Le terme de « géohistoire » est utilisé pour la première fois par l’historien Fernand Braudel dans un article rédigé lors de sa captivité en Allemagne (entre 1940 et 1945) et intitulé « Géohistoire : la société, l’espace et le temps »[12]. Cependant, Braudel intéresse davantage Grataloup pour son récit factuel de la construction du niveau mondiale entre le XVe et le XVIIIe. Le principal héritage retenu par Christian de cet historien fut la réflexion en termes d’économie-monde et d’empire-monde. Au moment du colloque de Châteauvallon (octobre 1985) en l’honneur de Fernand Braudel, Christian Grataloup, alors en vacances au Mexique, ne put s’y rendre. Ce fut donc son ami Jean-Louis Margolin, présent à ce colloque, qui a proposé une interview à Braudel par la revue EspacesTemps. Ce dernier, décédant en novembre 1985, n’honora pas ce rendez-vous.


 Source :



[1] Roger Brunet, « La composition des modèles dans l’analyse spatiale », in L’Espace géographique, livraison numéro 4, 1980.

[2] Ces structures ou « principes » sont rassemblés sur notre site : https://gaiaclioalecole.blogspot.com/p/principe.html

[3] Le Diplôme d’Études Approfondies (DEA) fut créé en 1954. Il sanctionne la première année des études doctorales. Il est remplacé aujourd’hui par le master de recherche dans le cadre de la réforme LMD (Licence-Master-Doctorat) de 2002.
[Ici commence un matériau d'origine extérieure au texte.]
lemma poisson_Lfun_lenz_lenz:
  assumes "dotp n q q > 0" "kepH n q p < 0" "a \<in> {1..n}" "c \<in> {1..n}"
  shows "poisson n (Lfun n a (n + 1)) (Lfun n c (n + 1)) q p = Lfun_commutator n q p a (n + 1) c (n + 1)"
proof -
  have Q: "vnorm n q > 0" using vnorm_pos assms(1) .
  have W: "kepW n q p > 0" using kepW_pos assms(2) .
  have "poisson n (Lfun n a (n + 1)) (Lfun n c (n + 1)) q p =
      (\<Sum>k=1..n. lenz_grad_q n q p 1 a k * lenz_grad_p n q p 1 c k)
    - (\<Sum>k=1..n. lenz_grad_p n q p 1 a k * lenz_grad_q n q p 1 c k)"
    using assms by (simp add: poisson_Lfun_eq_grad Lgrad_q_def Lgrad_p_def sum_subtractf)
  also have "\<dots> = q a * p c - q c * p a"
    unfolding lenz_grad_q_def lenz_grad_p_def using assms(3,4) Q W
    by (simp only: sum_qp_comb_mult dotp_self_eq_vnorm_sq[of n q] dotp_p_p_eq[OF assms(2)]
        lenz_eq[OF assms(2)] dotp_commute[of n p q] unit_vec_commute[of a c])
      (simp add: field_simps, algebra)
  also have "\<dots> = Lfun_commutator n q p a (n + 1) c (n + 1)"
    using assms(3,4) by (simp add: Lfun_commutator_def Lfun_def unit_vec_def)
  finally show ?thesis .
qed

lemma poisson_swap: "poisson n f g x y = - poisson n g f x y"
  unfolding poisson_def by (simp add: sum_negf[symmetric] algebra_simps)

lemma poisson_Lfun_swap_left:
  assumes "dotp n q q > 0" "kepH n q p < 0" "a \<in> {1..n+1}" "b \<in> {1..n+1}" "c \<in> {1..n+1}" "d \<in> {1..n+1}"
  shows "poisson n (Lfun n b a) (Lfun n c d) q p = - poisson n (Lfun n a b) (Lfun n c d) q p"
  using assms
  by (simp add: poisson_Lfun_eq_grad Lgrad_q_swap[of n q p b a] Lgrad_p_swap[of n q p b a]
      sum_negf[symmetric])

lemma poisson_Lfun_zero:
  assumes "dotp n q q > 0" "kepH n q p < 0" "c \<in> {1..n+1}" "d \<in> {1..n+1}"
  shows "poisson n (Lfun n (n + 1) (n + 1)) (Lfun n c d) q p = 0"
  using assms by (simp add: poisson_Lfun_eq_grad Lgrad_q_def Lgrad_p_def)

text \<open>By the antisymmetry of both sides, everything reduces to the three cases computed above.\<close>
lemma poisson_Lfun:
  assumes "dotp n q q > 0" "kepH n q p < 0" "a \<in> {1..n+1}" "b \<in> {1..n+1}" "c \<in> {1..n+1}" "d \<in> {1..n+1}"
  shows "poisson n (Lfun n a b) (Lfun n c d) q p = Lfun_commutator n q p a b c d"
proof -
  let ?N = "n + 1"
  let ?P = "\<lambda>a b c d. poisson n (Lfun n a b) (Lfun n c d) q p = Lfun_commutator n q p a b c d"
  have swap_left: "?P a b c d" if "?P b a c d" "a \<in> {1..?N}" "b \<in> {1..?N}" "c \<in> {1..?N}" "d \<in> {1..?N}"
    for a b c d
    using that poisson_Lfun_swap_left[OF assms(1,2), of b a c d] Lfun_commutator_swap_left[of n q p b a c d]
    by simp
  have swap_pairs: "?P a b c d" if "?P c d a b" for a b c d
    using that poisson_swap[of n "Lfun n a b"] Lfun_commutator_swap_pairs[of n q p c d a b] by simp
  have swap_right: "?P a b c d" if "?P a b d c" "a \<in> {1..?N}" "b \<in> {1..?N}" "c \<in> {1..?N}" "d \<in> {1..?N}"
    for a b c d
    using that swap_left[of d c a b] swap_pairs by blast
  have zero: "?P ?N ?N c d" if "c \<in> {1..?N}" "d \<in> {1..?N}" for c d
    using that poisson_Lfun_zero[OF assms(1,2)] Lfun_commutator_swap_left[of n q p ?N ?N c d] by simp
  have a_c_le_n: "?P a b c d" if idx: "a \<in> {1..n}" "c \<in> {1..n}" "b \<in> {1..?N}" "d \<in> {1..?N}" for a b c d
  proof -
    consider "b \<in> {1..n}" "d \<in> {1..n}" | "b \<in> {1..n}" "d = ?N" | "b = ?N" "d \<in> {1..n}" | "b = ?N" "d = ?N"
      using idx(3,4) by fastforce
    then show ?thesis
    proof cases
      case 1 with idx show ?thesis by (simp add: poisson_Lfun_ang_ang assms)
    next
      case 2 with idx show ?thesis using poisson_Lfun_ang_lenz[OF assms(1,2), of a b c] by simp
    next
      case 3 with idx show ?thesis using swap_pairs poisson_Lfun_ang_lenz[OF assms(1,2), of c d a] by simp
    next
      case 4 with idx show ?thesis using poisson_Lfun_lenz_lenz[OF assms(1,2), of a c] by simp
    qed
  qed
  have a_le_n: "?P a b c d" if idx: "a \<in> {1..n}" "b \<in> {1..?N}" "c \<in> {1..?N}" "d \<in> {1..?N}" for a b c d
  proof -
    consider "c \<in> {1..n}" | "d \<in> {1..n}" "c = ?N" | "c = ?N" "d = ?N"
      using idx(3,4) by fastforce
    then show ?thesis
    proof cases
      case 1 with idx show ?thesis using a_c_le_n by blast
    next
      case 2 with idx show ?thesis using a_c_le_n[of a d b c] swap_right by simp
    next
      case 3 with idx show ?thesis using zero swap_pairs by simp
    qed
  qed
  consider "a \<in> {1..n}" | "b \<in> {1..n}" "a = ?N" | "a = ?N" "b = ?N"
    using assms(3,4) by fastforce
  then show ?thesis
  proof cases
    case 1 with assms show ?thesis using a_le_n by blast
  next
    case 2 with assms show ?thesis using a_le_n[of b a c d] swap_left by simp
  next
    case 3 with assms show ?thesis using zero by simp
  qed
qed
[4] Tous trois sont des géographes français.

[5] Grataloup Christian, Lieux d’histoire, Reclus, collection Espaces modes d’emploi, Montpellier, 1996, 200 pages.

[6] Reynaud Alain, Epistémologie de la Géomorphologie, Masson et Compagnie, Paris, 1971, 128 pages.
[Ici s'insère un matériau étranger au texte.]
lemma freq_2wt2: "int (freq code (2 * wt2 q)) = int q ^ (CARD('n) - card C) - 1"
proof -
  have pos: "0 < 2 * wt2 CARD('a)"
    using wt_bounds[where 'a = 'a] by simp
  have "freq code (2 * wt2 q) = card {t \<in> Delta3 (A \<union> B) A UNIV :: ('n, 'a) Rvec set.
      half_vanishes False t \<and> half_vanishes True t \<and> snd (snd t) \<in> - {0}}"
    unfolding code_def q_def freq_range_gray_cw_S1[OF pos] weight_classes(3) ..
  also have "\<dots> = q ^ (CARD('n) - card C) - 1"
    unfolding card_both_halves_vanish q_def
    by (simp add: Diff_eq[symmetric] card_Delta_minus_0 card_Compl_C)
  finally show ?thesis
    using one_le_power[of q "CARD('n) - card C"] CARD_field_ge_2[where 'a = 'a]
    by (simp add: q_def of_nat_diff)
qed

lemma weights_code: "weights code = {wt1 q, 2 * wt1 q, wt1 q + wt2 q, 2 * wt2 q}"
proof (rule antisym)
  show "weights code \<subseteq> {wt1 q, 2 * wt1 q, wt1 q + wt2 q, 2 * wt2 q}"
  proof
    fix w assume "w \<in> weights code"
    then obtain t :: "('n, 'a) Rvec" where "gray_cw (S1 A B C) t \<noteq> 0" "w = wtH (gray_cw (S1 A B C) t)"
      by (auto simp: weights_def code_def)
    then show "w \<in> {wt1 q, 2 * wt1 q, wt1 q + wt2 q, 2 * wt2 q}"
      using weight_classes(5)[of t] by (auto simp: q_def wtH_eq_0_iff)
  qed
  have "1 < int q ^ (card (A \<union> B) - card B)" "1 < int q ^ (CARD('n) - card C)"
    using CARD_field_ge_2[where 'a = 'a] C_proper A_not_sub_B card_A_pos
    by (auto simp: q_def card_A_minus_B[symmetric] card_gt_0_iff intro!: one_less_power)
  then have "0 < int (freq code (wt1 q))" "0 < int (freq code (wt1 q + wt2 q))"
    "0 < int (freq code (2 * wt2 q))"
    unfolding freq_wt1 freq_wt1_wt2 freq_2wt2 by simp_all
  then have "0 < freq code (wt1 q)" "0 < freq code (wt1 q + wt2 q)" "0 < freq code (2 * wt2 q)"
    by simp_all
  moreover have "2 * wt1 q \<in> weights code"
  proof -
    obtain i where "i \<in> A" using card_A_pos by (auto simp: card_gt_0_iff)
    let ?t = "(0, 0(i := 1), 0) :: ('n, 'a) Rvec"
    have "wtH (gray_cw (S1 A B C) ?t) = 2 * wt1 q"
      using \<open>i \<in> A\<close> by (simp add: weight_classes(4) q_def vanishes_on_def gray_form_def)
    moreover have "0 < 2 * wt1 q"
      using wt_bounds(1)[where 'a = 'a] by (simp add: q_def)
    ultimately have "gray_cw (S1 A B C) ?t \<in> code" "gray_cw (S1 A B C) ?t \<noteq> 0"
      "wtH (gray_cw (S1 A B C) ?t) = 2 * wt1 q"
      by (auto simp: code_def simp flip: wtH_eq_0_iff)
    then show ?thesis
      unfolding weights_def by (intro CollectI exI[where x = "gray_cw (S1 A B C) ?t"]) simp
  qed
  ultimately show "{wt1 q, 2 * wt1 q, wt1 q + wt2 q, 2 * wt2 q} \<subseteq> weights code"
    by (auto intro: weights_if_freq_pos)
qed

lemma card_weight_values: "card {wt1 q, 2 * wt1 q, wt1 q + wt2 q, 2 * wt2 q} = 4"
  using wt_bounds[where 'a = 'a] by (simp add: q_def)

lemma min_dist_code: "min_dist code = wt1 q"
proof -
  have "x - y \<in> code" if xy: "x \<in> code" "y \<in> code" for x y
  proof -
    obtain r r' where "x = gray_cw (S1 A B C) r" "y = gray_cw (S1 A B C) r'"
      using xy unfolding code_def by blast
    then have "x - y = gray_cw (S1 A B C) (r - r')"
      by (simp add: gray_cw_diff)
    then show ?thesis
      unfolding code_def by (rule image_eqI) simp
  qed
  then have "min_dist code = Min {wt1 q, 2 * wt1 q, wt1 q + wt2 q, 2 * wt2 q}"
    by (simp add: min_dist_eq_Min_weights zero_mem_code weights_code)
  also have "\<dots> = wt1 q"
    using wt_bounds[where 'a = 'a] by (simp add: q_def)
  finally show ?thesis .
qed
[7] En géomorphologie, la cuesta est une forme de relief dissymétrique superposant une couche résistante à une couche tendre, l'abrupt constituant le front de cuesta, la partie en pente douce le revers.

[8] Roger Brunet fonde la revue des Travaux de l’Institut de Géographie de Reims (TIGR) en 1969.

[9] Reynaud Alain, Une géohistoire. La Chine des Printemps et des Automnes, Reclus, collection Géographiques, Montpellier, 1992, 220 pages.

[10] Le groupe Dupont est une association formée au début des années 1970 de jeunes assistants en géographie isolés en province n’arrivant pas à se former à la géographie modélisatrice malgré leur connaissance des écrits de Brunet. Le nom du groupe Dupont fait évidemment référence au pont d’Avignon.

[11] Grataloup Christian, L’espace de la transition : essai de géohistoire chorématique, thèse de doctorat en géographie, sous la direction de Roger Brunet, soutenue à Paris 1 en 1994.

[12] Ribeiro Guilherme, « La genèse de la géohistoire chez Fernand Braudel : un chapitre de l'histoire de la pensée géographique », Annales de géographie, vol. 686, no. 4, 2012, pp. 329-346.